Informational Note:  See 215.9 for ground-fault circuit-interrupter protection for personnel on feeders.
(A) Dwelling Units. All 125-volt, single-phase, 15- and 20-ampere receptacles installed in the locations specified in 210.8(A)(1) through (8) shall have ground-fault circuit-interrupter protection for personnel.
(1) 
Bathrooms
(2) 
Garages, and also accessory buildings that have a floor located at or below grade level not intended as habitable rooms and limited to storage areas, work areas, and areas of similar use


----------



## HARRY304E (Sep 15, 2010)

Speedy Petey said:


> Yes.




Whoops you're right Pete , that's what I get for reading it to fast..:laughing:


----------



## backstay (Feb 3, 2011)

And the GFCI receptacle can't be in the ceiling. It must be readily accessible.


----------



## McClary’s Electrical (Feb 21, 2009)

backstay said:


> And the GFCI receptacle can't be in the ceiling. It must be readily accessible.


?????


----------



## backstay (Feb 3, 2011)

mcclary's electrical said:


> ?????



210.8 Ground-Fault Circuit-Interrupter Protection for Personnel. Ground-fault circuit-interruption for personnel shall be provided as required in 210.8(A) through (C). The ground-fault circuit-interrupter shall be installed in a readily accessible location.

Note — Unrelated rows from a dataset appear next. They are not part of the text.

(* The following bilinear equations hold for all $k,N\in\mathbb{Z}$: \begin{align*} &\tau^{k+1}_{N+1}\tau^{k+2}_{N-1} -Q^{(k-4N+2)/2}\gamma^{-2}\alpha_0\tau^{k+3}_{N}\tau^{k}_{N} -Q^{-k+4N-2}\gamma^{4}{\alpha_0}^{-2}\tau^{k+1}_{N}\tau^{k+2}_{N}=0,\\ &\tau^{k+2}_{N+1}\tau^{k+1}_{N-1} -Q^{(k+4N+2)/2}\gamma^{2}\alpha_0\tau^{k+3}_{N}\tau^{k}_{N} -Q^{-k-4N-2}\gamma^{-4}{\alpha_0}^{-2}\tau^{k+2}_{N}\tau^{k+1}_{N}=0,\\ &Q^{-(3k-4N+4)/2}\gamma^{2}{\alpha_0}^{-3}\tau^{k+3}_{N}\tau^{k}_{N+1} -Q^{-3k+4N-4}\gamma^{4}{\alpha_0}^{-6}\tau^{k+1}_{N}\tau^{k+2}_{N+1} -\tau^{k+1}_{N+1}\tau^{k+2}_{N}=0,\\ &Q^{-(3k+4N+8)/2}\gamma^{-2}{\alpha_0}^{-3}\tau^{k+3}_{N+1}\tau^{k}_{N} -Q^{-3k-4N-8}\gamma^{-4}{\alpha_0}^{-6}\tau^{k+2}_{N}\tau^{k+1}_{N+1} -\tau^{k+2}_{N+1}\tau^{k+1}_{N}=0. \end{align*}
   Context: Let $q,c,a_0,a_1,a_2\in\mathbb{C}^\times$ with $a_0a_1a_2=q$, and let $\tau_i,\overline{\tau}_i$ ($i\in\mathbb{Z}/3\mathbb{Z}$) be variables (the $\tau$ functions of the $q$-Painlevé III system). The extended affine Weyl group $\widetilde{W}((A_2+A_1)^{(1)})=\langle s_0,s_1,s_2,\pi,w_0,w_1,r\rangle$ acts on them (elements act on functions from the right, $w.F(a_i,\tau_j)=F(a_i.w,\tau_j.w)$) by: $s_i(a_i)=a_i^{-1}$, $s_i(a_{i\pm1})=a_{i\pm1}a_i$, $\pi(a_i)=a_{i+1}$, $w_0,w_1,r$ fix all $a_i$; $s_i(\tau_i)=\dfrac{u_i\tau_{i+1}\overline{\tau}_{i-1}+\overline{\tau}_{i+1}\tau_{i-1}}{u_i^{1/2}\overline{\tau}_i}$, $s_i(\overline{\tau}_i)=\dfrac{v_i\overline{\tau}_{i+1}\tau_{i-1}+\tau_{i+1}\overline{\tau}_{i-1}}{v_i^{1/2}\tau_i}$, $s_i$ fixes $\tau_j,\overline{\tau}_j$ for $j\neq i$; $\pi(\tau_i)=\tau_{i+1}$, $\pi(\overline{\tau}_i)=\overline{\tau}_{i+1}$; $w_0(\overline{\tau}_i)=\dfrac{a_{i+1}^{1/3}(\overline{\tau}_i\tau_{i+1}\tau_{i+2}+u_{i-1}\tau_i\overline{\tau}_{i+1}\tau_{i+2}+u_{i+1}^{-1}\tau_i\tau_{i+1}\overline{\tau}_{i+2})}{a_{i+2}^{1/3}\overline{\tau}_{i+1}\overline{\tau}_{i+2}}$, $w_0(\tau_i)=\tau_i$; $r(\tau_i)=\overline{\tau}_i$, $r(\overline{\tau}_i)=\tau_i$; where $u_i=q^{-1/3}c^{-2/3}a_i$, $v_i=q^{1/3}c^{2/3}a_i$. The translation $T_4=rw_0$ fixes $a_0,a_1,a_2$ and maps $c\mapsto qc$. Set $R_1=\pi^2s_1$ (so $R_1^2=T_1=\pi s_2 s_1$) and specialize $a_2=q^{1/2}$; then $R_1$ acts on parameters as $(a_0,a_1,c)\mapsto(q^{1/2}a_0,q^{-1/2}a_1,c)$. Define $\tau^k_N=R_1^kT_4^N(\tau_1)$ for $k,N\in\mathbb{Z}$ (so $\tau_0=\tau^{-2}_0$, $\tau_1=\tau^0_0$, $\tau_2=\tau^{-1}_0$, $\overline{\tau}_0=\tau^{-2}_1$, $\overline{\tau}_1=\tau^0_1$, $\overline{\tau}_2=\tau^{-1}_1$), and put $\alpha_0=a_0^{1/6}$, $\gamma=c^{1/6}$, $Q=q^{1/6}$. *)

theory Defs
  imports Complex_Main
begin

text \<open>
  Model of the action of the extended affine Weyl group on the parameters
  and tau functions of q-P_III.  A point of the space is a record holding the
  sixth roots alpha_i = a_i^(1/6), gamma = c^(1/6) and the values of
  tau_i, taubar_i (indices read modulo 3).  The fixed parameter q enters via
  Q = q^(1/6).  In these variables
    u_i = Q^-2 gamma^-4 alpha_i^6,  u_i^(1/2) = Q^-1 gamma^-2 alpha_i^3,
    v_i = Q^2 gamma^4 alpha_i^6,    v_i^(1/2) = Q gamma^2 alpha_i^3,
    a_i^(1/3) = alpha_i^2.
  For a group element w, the function act_w sends a point x to the point
  whose coordinates are the values at x of w(coordinate).  Since
  (w1 w2)(F) = w1(w2(F)) and w(F(a,tau)) = F(w(a),w(tau)), the point map of
  w1 w2 is act_w2 composed after act_w1, i.e. act_w2 (act_w1 x).
\<close>

record pstate =
  al :: "int \<Rightarrow> complex"
  ga :: complex
  tu :: "int \<Rightarrow> complex"
  tb :: "int \<Rightarrow> complex"

definition A :: "pstate \<Rightarrow> int \<Rightarrow> complex" where
  "A x i = al x (i mod 3)"
definition T :: "pstate \<Rightarrow> int \<Rightarrow> complex" where
  "T x i = tu x (i mod 3)"
definition TB :: "pstate \<Rightarrow> int \<Rightarrow> complex" where
  "TB x i = tb x (i mod 3)"

definition uu :: "complex \<Rightarrow> pstate \<Rightarrow> int \<Rightarrow> complex" where
  "uu Q x i = inverse (Q ^ 2) * inverse (ga x ^ 4) * A x i ^ 6"
definition uh :: "complex \<Rightarrow> pstate \<Rightarrow> int \<Rightarrow> complex" where
  "uh Q x i = inverse Q * inverse (ga x ^ 2) * A x i ^ 3"
definition vv :: "complex \<Rightarrow> pstate \<Rightarrow> int \<Rightarrow> complex" where
  "vv Q x i = Q ^ 2 * ga x ^ 4 * A x i ^ 6"
definition vh :: "complex \<Rightarrow> pstate \<Rightarrow> int \<Rightarrow> complex" where
  "vh Q x i = Q * ga x ^ 2 * A x i ^ 3"

definition act_s :: "complex \<Rightarrow> int \<Rightarrow> pstate \<Rightarrow> pstate" where
  "act_s Q i x =
    \<lparr> al = (\<lambda>j. if j mod 3 = i mod 3 then inverse (A x i) else A x j * A x i),
      ga = ga x,
      tu = (\<lambda>j. if j mod 3 = i mod 3
                 then (uu Q x i * T x (i+1) * TB x (i-1) + TB x (i+1) * T x (i-1))
                      / (uh Q x i * TB x i)
                 else T x j),
      tb = (\<lambda>j. if j mod 3 = i mod 3
                 then (vv Q x i * TB x (i+1) * T x (i-1) + T x (i+1) * TB x (i-1))
                      / (vh Q x i * T x i)
                 else TB x j) \<rparr>"

definition ok_s :: "int \<Rightarrow> pstate \<Rightarrow> bool" where
  "ok_s i x \<longleftrightarrow> T x i \<noteq> 0 \<and> TB x i \<noteq> 0"

definition act_pi :: "pstate \<Rightarrow> pstate" where
  "act_pi x = \<lparr> al = (\<lambda>j. A x (j+1)), ga = ga x,
                tu = (\<lambda>j. T x (j+1)), tb = (\<lambda>j. TB x (j+1)) \<rparr>"

text \<open>r: swaps tau and taubar; on c it acts by c -> 1/(q c), i.e.
  gamma -> 1/(Q gamma) (so that r(u_i^(1/2)) = v_i^(1/2)).\<close>
definition act_r :: "complex \<Rightarrow> pstate \<Rightarrow> pstate" where
  "act_r Q x = \<lparr> al = al x, ga = inverse (Q * ga x), tu = tb x, tb = tu x \<rparr>"

text \<open>w_0: fixes a_i and tau_i; acts on c by c -> 1/c, i.e. gamma -> 1/gamma
  (so that T_4 = r w_0 maps c to q c).\<close>
definition act_w0 :: "complex \<Rightarrow> pstate \<Rightarrow> pstate" where
  "act_w0 Q x =
    \<lparr> al = al x, ga = inverse (ga x), tu = tu x,
      tb = (\<lambda>i. A x (i+1) ^ 2
                 * (TB x i * T x (i+1) * T x (i+2)
                    + uu Q x (i-1) * T x i * TB x (i+1) * T x (i+2)
                    + inverse (uu Q x (i+1)) * T x i * T x (i+1) * TB x (i+2))
                 / (A x (i+2) ^ 2 * TB x (i+1) * TB x (i+2))) \<rparr>"

definition ok_w0 :: "pstate \<Rightarrow> bool" where
  "ok_w0 x \<longleftrightarrow> (\<forall>i. TB x i \<noteq> 0)"

text \<open>R_1 = pi^2 s_1, R_1^-1 = s_1 pi, T_4 = r w_0, T_4^-1 = w_0 r
  (s_1, r, w_0 are involutions, pi^3 = 1).\<close>
definition act_R1 :: "complex \<Rightarrow> pstate \<Rightarrow> pstate" where
  "act_R1 Q x = act_s Q 1 (act_pi (act_pi x))"
definition ok_R1 :: "pstate \<Rightarrow> bool" where
  "ok_R1 x = ok_s 1 (act_pi (act_pi x))"
definition act_R1inv :: "complex \<Rightarrow> pstate \<Rightarrow> pstate" where
  "act_R1inv Q x = act_pi (act_s Q 1 x)"
definition ok_R1inv :: "pstate \<Rightarrow> bool" where
  "ok_R1inv x = ok_s 1 x"
definition act_T4 :: "complex \<Rightarrow> pstate \<Rightarrow> pstate" where
  "act_T4 Q x = act_w0 Q (act_r Q x)"
definition ok_T4 :: "complex \<Rightarrow> pstate \<Rightarrow> bool" where
  "ok_T4 Q x = ok_w0 (act_r Q x)"
definition act_T4inv :: "complex \<Rightarrow> pstate \<Rightarrow> pstate" where
  "act_T4inv Q x = act_r Q (act_w0 Q x)"
definition ok_T4inv :: "pstate \<Rightarrow> bool" where
  "ok_T4inv x = ok_w0 x"

fun iter_ok :: "('s \<Rightarrow> 's) \<Rightarrow> ('s \<Rightarrow> bool) \<Rightarrow> nat \<Rightarrow> 's \<Rightarrow> 's option" where
  "iter_ok f ok 0 x = Some x"
| "iter_ok f ok (Suc n) x = (if ok x then iter_ok f ok n (f x) else None)"

definition R1pow :: "complex \<Rightarrow> int \<Rightarrow> pstate \<Rightarrow> pstate option" where
  "R1pow Q k x = (if 0 \<le> k then iter_ok (act_R1 Q) ok_R1 (nat k) x
                  else iter_ok (act_R1inv Q) ok_R1inv (nat (- k)) x)"
definition T4pow :: "complex \<Rightarrow> int \<Rightarrow> pstate \<Rightarrow> pstate option" where
  "T4pow Q N x = (if 0 \<le> N then iter_ok (act_T4 Q) (ok_T4 Q) (nat N) x
                  else iter_ok (act_T4inv Q) ok_T4inv (nat (- N)) x)"

text \<open>tau^k_N = R_1^k T_4^N (tau_1) evaluated at x: the point map of
  R_1^k T_4^N applies R_1's map k times first, then T_4's map N times.
  None means some denominator vanished along the way.\<close>
definition tauKN :: "complex \<Rightarrow> int \<Rightarrow> int \<Rightarrow> pstate \<Rightarrow> complex option" where
  "tauKN Q k N x = map_option (\<lambda>y. T y 1) (Option.bind (R1pow Q k x) (T4pow Q N))"

text \<open>Initial point with the specialisation a_2 = q^(1/2): with Qh = q^(1/12)
  (Qh^2 = Q), alpha_0 = a_0^(1/6), alpha_1 = Qh/alpha_0 (so a_0 a_1 a_2 = q),
  alpha_2 = Qh.\<close>
definition init :: "complex \<Rightarrow> complex \<Rightarrow> complex \<Rightarrow> complex \<Rightarrow> complex \<Rightarrow> complex
    \<Rightarrow> complex \<Rightarrow> complex \<Rightarrow> complex \<Rightarrow> pstate" where
  "init Qh a0 g t0 t1 t2 b0 b1 b2 =
    \<lparr> al = (\<lambda>j. if j mod 3 = 0 then a0 else if j mod 3 = 1 then Qh / a0 else Qh),
      ga = g,
      tu = (\<lambda>j. if j mod 3 = 0 then t0 else if j mod 3 = 1 then t1 else t2),
      tb = (\<lambda>j. if j mod 3 = 0 then b0 else if j mod 3 = 1 then b1 else b2) \<rparr>"

end

theory Submission
  imports Defs
begin

text \<open>
  Let x_j = R_1^(k+j) x and z_(j,M) = T_4^M x_j, so that tau^(k+j)_M is the tau_1-coordinate of
  z_(j,M). Since R_1 = pi^2 s_1, consecutive points x_j and x_(j+1) are linked by a shift of the
  indices of tau and taubar together with the two bilinear relations defining s_1, and this link
  survives T_4, which only rescales gamma by Q. As T_4 turns taubar into tau, every tau occurring in
  the four equations is a coordinate of z_(2,N-1), z_(3,N-1), z_(2,N) or z_(3,N). The last two
  equations are the s_1-relations between z_(2,N) and z_(3,N); the first two are the formula for
  w_0 along the T_4-step from level N - 1 to level N, simplified by the s_1-relations one level
  below.
\<close>

lemma coordinates_mod_3 [simp]:
  "A x (i mod 3) = A x i" "T x (i mod 3) = T x i" "TB x (i mod 3) = TB x i"
  by (simp_all add: A_def T_def TB_def)

lemma coordinates_mod_3_shift [simp]:
  "A x (i mod 3 + j) = A x (i + j)" "A x (i mod 3 - j) = A x (i - j)"
  "T x (i mod 3 + j) = T x (i + j)" "T x (i mod 3 - j) = T x (i - j)"
  "TB x (i mod 3 + j) = TB x (i + j)" "TB x (i mod 3 - j) = TB x (i - j)"
  by (simp_all add: A_def T_def TB_def mod_add_left_eq mod_diff_left_eq)

lemma coordinates_numeral [simp]:
  "numeral n \<ge> (3::int) \<Longrightarrow> A x (numeral n) = A x (numeral n mod 3)"
  "numeral n \<ge> (3::int) \<Longrightarrow> T x (numeral n) = T x (numeral n mod 3)"
  "numeral n \<ge> (3::int) \<Longrightarrow> TB x (numeral n) = TB x (numeral n mod 3)"
  "A x (- numeral n) = A x ((- numeral n) mod 3)"
  "T x (- numeral n) = T x ((- numeral n) mod 3)"
  "TB x (- numeral n) = TB x ((- numeral n) mod 3)"
  by (simp_all only: coordinates_mod_3)

lemma coordinates_minus_one [simp]:
  "A x (-1) = A x 2" "T x (-1) = T x 2" "TB x (-1) = TB x 2"
  using coordinates_mod_3[of x "-1"] by simp_all

lemma act_pi_coordinates [simp]:
  "A (act_pi x) i = A x (i + 1)" "T (act_pi x) i = T x (i + 1)" "TB (act_pi x) i = TB x (i + 1)"
  "ga (act_pi x) = ga x"
  by (simp_all add: act_pi_def A_def T_def TB_def mod_add_left_eq)

lemma act_s_coordinates [simp]:
  "A (act_s Q i x) j = (if j mod 3 = i mod 3 then inverse (A x i) else A x j * A x i)"
  "T (act_s Q i x) j = (if j mod 3 = i mod 3
      then (uu Q x i * T x (i+1) * TB x (i-1) + TB x (i+1) * T x (i-1)) / (uh Q x i * TB x i)
      else T x j)"
  "TB (act_s Q i x) j = (if j mod 3 = i mod 3
      then (vv Q x i * TB x (i+1) * T x (i-1) + T x (i+1) * TB x (i-1)) / (vh Q x i * T x i)
      else TB x j)"
  "ga (act_s Q i x) = ga x"
  by (simp_all add: act_s_def A_def T_def TB_def)

lemma act_r_coordinates [simp]:
  "A (act_r Q x) i = A x i" "T (act_r Q x) i = TB x i" "TB (act_r Q x) i = T x i"
  "ga (act_r Q x) = inverse (Q * ga x)"
  by (simp_all add: act_r_def A_def T_def TB_def)

lemma act_w0_coordinates [simp]:
  "A (act_w0 Q x) i = A x i" "T (act_w0 Q x) i = T x i" "ga (act_w0 Q x) = inverse (ga x)"
  "TB (act_w0 Q x) i = A x (i+1) ^ 2
      * (TB x i * T x (i+1) * T x (i+2)
         + uu Q x (i-1) * T x i * TB x (i+1) * T x (i+2)
         + inverse (uu Q x (i+1)) * T x i * T x (i+1) * TB x (i+2))
      / (A x (i+2) ^ 2 * TB x (i+1) * TB x (i+2))"
  by (simp_all add: act_w0_def A_def T_def TB_def)
     (simp add: TB_def[symmetric] T_def[symmetric] A_def[symmetric] uu_def)

lemma all_mod_3_iff: "(\<forall>i::int. P (i mod 3)) \<longleftrightarrow> P 0 \<and> P 1 \<and> P 2"
proof
  assume P: "P 0 \<and> P 1 \<and> P 2"
  show "\<forall>i. P (i mod 3)"
  proof
    fix i :: int
    have "i mod 3 = 0 \<or> i mod 3 = 1 \<or> i mod 3 = 2" by auto
    with P show "P (i mod 3)" by auto
  qed
next
  assume "\<forall>i. P (i mod 3)"
  from this[rule_format, of 0] this[rule_format, of 1] this[rule_format, of 2]
  show "P 0 \<and> P 1 \<and> P 2" by simp
qed

lemma ok_R1_iff: "ok_R1 x \<longleftrightarrow> T x 0 \<noteq> 0 \<and> TB x 0 \<noteq> 0"
  by (simp add: ok_R1_def ok_s_def)

lemma ok_R1inv_iff: "ok_R1inv x \<longleftrightarrow> T x 1 \<noteq> 0 \<and> TB x 1 \<noteq> 0"
  by (simp add: ok_R1inv_def ok_s_def)

lemma ok_T4_iff: "ok_T4 Q x \<longleftrightarrow> T x 0 \<noteq> 0 \<and> T x 1 \<noteq> 0 \<and> T x 2 \<noteq> 0"
  using all_mod_3_iff[of "\<lambda>i. T x i \<noteq> 0"] by (simp add: ok_T4_def ok_w0_def)

lemma ok_T4inv_iff: "ok_T4inv x \<longleftrightarrow> TB x 0 \<noteq> 0 \<and> TB x 1 \<noteq> 0 \<and> TB x 2 \<noteq> 0"
  using all_mod_3_iff[of "\<lambda>i. TB x i \<noteq> 0"] by (simp add: ok_T4inv_def ok_w0_def)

I'd draw you a picture but you'd probably steal it.


----------



## aftershockews (Dec 22, 2012)

We install a 20 amp rated faceless at switch height to protect the door opener receptacle.


----------



## Pete m. (Nov 19, 2011)

FWIW,

Ohio made an ammendment to the GDO receptacle through the Residential Code of Ohio.

It dismisses the need for GFCI protection as long as a single receptacle is installed in the ceiling for the GDO.

Pete


----------



## sbrn33 (Mar 15, 2007)

Pete m. said:


> FWIW,
> 
> Ohio made an ammendment to the GDO receptacle through the Residential Code of Ohio.
> 
> ...


NEC wouldn't even think about something like that. Makes to much sense.


----------



## B4T (Feb 10, 2009)

sbrn33 said:


> NEC wouldn't even think about something like that. Makes to much sense.


Only after one of those pencil necks sitting on a CMP has to get his fat ass on a ladder will they even think about using any common sense.. :no:


----------



## electricmanscott (Feb 11, 2010)

aftershockews said:


> We install a 20 amp rated faceless at switch height to protect the door opener receptacle.


Why not just install a receptacle? :confused1:


----------



## electricmanscott (Feb 11, 2010)

Pete m. said:


> FWIW,
> 
> Ohio made an ammendment to the GDO receptacle through the Residential Code of Ohio.
> 
> ...


I've been in more than a few houses where the garage door receptacle can be reached while standing on the floor. I've also been in more than a few houses where a single receptacle was installed in lieu of a GFCI and I unplugged whatever was plugged in so I could use the receptacle.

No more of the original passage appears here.